I think we are something different: maybe something more personal and slightly more idiosyncratic. A guide with a human face. A guide with a community. A community of bloggers and writers who share certain things in common.'
Linking to both the h2g2 vs. Wikipedia debate and the 'has the EG become too serious/encyclopaedic?' debate.
Having recently looked at Wikipedia's Final Fantasy VII article, comparing it to an Entry on the subject I once had to withdraw from PR on grounds of excessive detail , I concluded that given time and effort it is possible to out-detail Wikipedia _and_ write in a less 'grey' style.
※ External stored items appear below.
lemma path_of_single_test: "path_of (Node a [(v, Leaf i)]) w d \<longleftrightarrow> w = [(a, v)] \<and> d = i"
proof
  assume "path_of (Node a [(v, Leaf i)]) w d"
  then show "w = [(a, v)] \<and> d = i"
    by (cases rule: path_of.cases) (auto elim: path_of.cases)
next
  assume "w = [(a, v)] \<and> d = i"
  then show "path_of (Node a [(v, Leaf i)]) w d"
    using path_of.intros(2)[of "(v, Leaf i)" "[(v, Leaf i)]" "[]" i a] path_of.intros(1)[of i] by simp
qed

lemma complete_path_unit_guess_tree:
  "complete_path (unit_guess_tree \<phi> n) w d \<longleftrightarrow> (\<exists>i<Suc (\<phi> n). w = [(group_attrs \<phi> n ! i, 1)] \<and> d = i)"
  by (auto simp: complete_path_def unit_guess_tree_def path_of_single_test simp del: upt_Suc)

lemma ndet_tree_for_unit_guess_tree:
  assumes k: "2 \<le> k"
  shows "ndet_tree_for k (unit_table \<phi> n) (unit_guess_tree \<phi> n)"
  unfolding ndet_tree_for_def
proof (intro conjI)
  let ?E = "unit_table \<phi> n" and ?r = "Suc (\<phi> n)" and ?cs = "group_attrs \<phi> n"
  have matches: "row_matches ?E [(?cs ! i, 1)] (unit_vec ?r j) \<longleftrightarrow> i = j" if "i < ?r" "j < ?r" for i j
    using map_of_zip_unit_vec[of ?cs ?r i j] that
    by (simp add: row_matches_def cols_unit_table distinct_group_attrs length_group_attrs)
  show "k_tree k (unit_guess_tree \<phi> n)"
    using k by (auto simp: k_tree_def unit_guess_tree_def intro!: wf_node.intros)
  have "b = a" if "has_attr (Node a [(v, Leaf i)]) b" for a v i b
    using that by (cases rule: has_attr.cases) (auto elim: has_attr.cases)
  then show "At_tree (unit_guess_tree \<phi> n) \<subseteq> At ?E"
    by (fastforce simp: At_tree_def unit_guess_tree_def At_def cols_unit_table length_group_attrs)
  show "\<forall>r\<in>set (rows ?E). \<exists>w d. complete_path (unit_guess_tree \<phi> n) w d \<and> r \<in> set (rows (subtab ?E w))"
  proof
    fix r
    assume "r \<in> set (rows ?E)"
    then obtain i where i: "i < ?r" and r: "r = (unit_vec ?r i, {i})"
      by (auto simp: rows_unit_table simp del: upt_Suc)
    then have "r \<in> set (rows (subtab ?E [(?cs ! i, 1)]))"
      using unit_row_in_subtab matches by simp
    moreover have "complete_path (unit_guess_tree \<phi> n) [(?cs ! i, 1)] i"
      using i by (auto simp: complete_path_unit_guess_tree)
    ultimately show "\<exists>w d. complete_path (unit_guess_tree \<phi> n) w d \<and> r \<in> set (rows (subtab ?E w))"
      by blast
  qed
  show "\<forall>w d. complete_path (unit_guess_tree \<phi> n) w d \<longrightarrow> subtab ?E w = Lam \<or> d \<in> Pi_tab (subtab ?E w)"
  proof (intro allI impI disjI2)
    fix w d
    assume "complete_path (unit_guess_tree \<phi> n) w d"
    then obtain i where i: "i < ?r" and w: "w = [(?cs ! i, 1)]" and d: "d = i"
      by (auto simp: complete_path_unit_guess_tree)
    show "d \<in> Pi_tab (subtab ?E w)"
      using matches[OF i] by (auto simp: Pi_tab_def rows_subtab rows_unit_table w d simp del: upt_Suc)
  qed
qed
But non-dry styles stand a better chance in PR than reams of info.
One thing that has struck me before about h2g2 is that the 'house style', inasmuch as there is one, is somewhere between encyclopaedia and magazine, and I'm not sure that's explicitly recognised. For example, when I was told that an Edited Entry's length had to be kept reasonably short in order to accommodate readers' attention spans, there seemed to be an implicit assumption that readers were always going to read the entire thing. That's how I read magazine articles, but frequently not encyclopaedia articles.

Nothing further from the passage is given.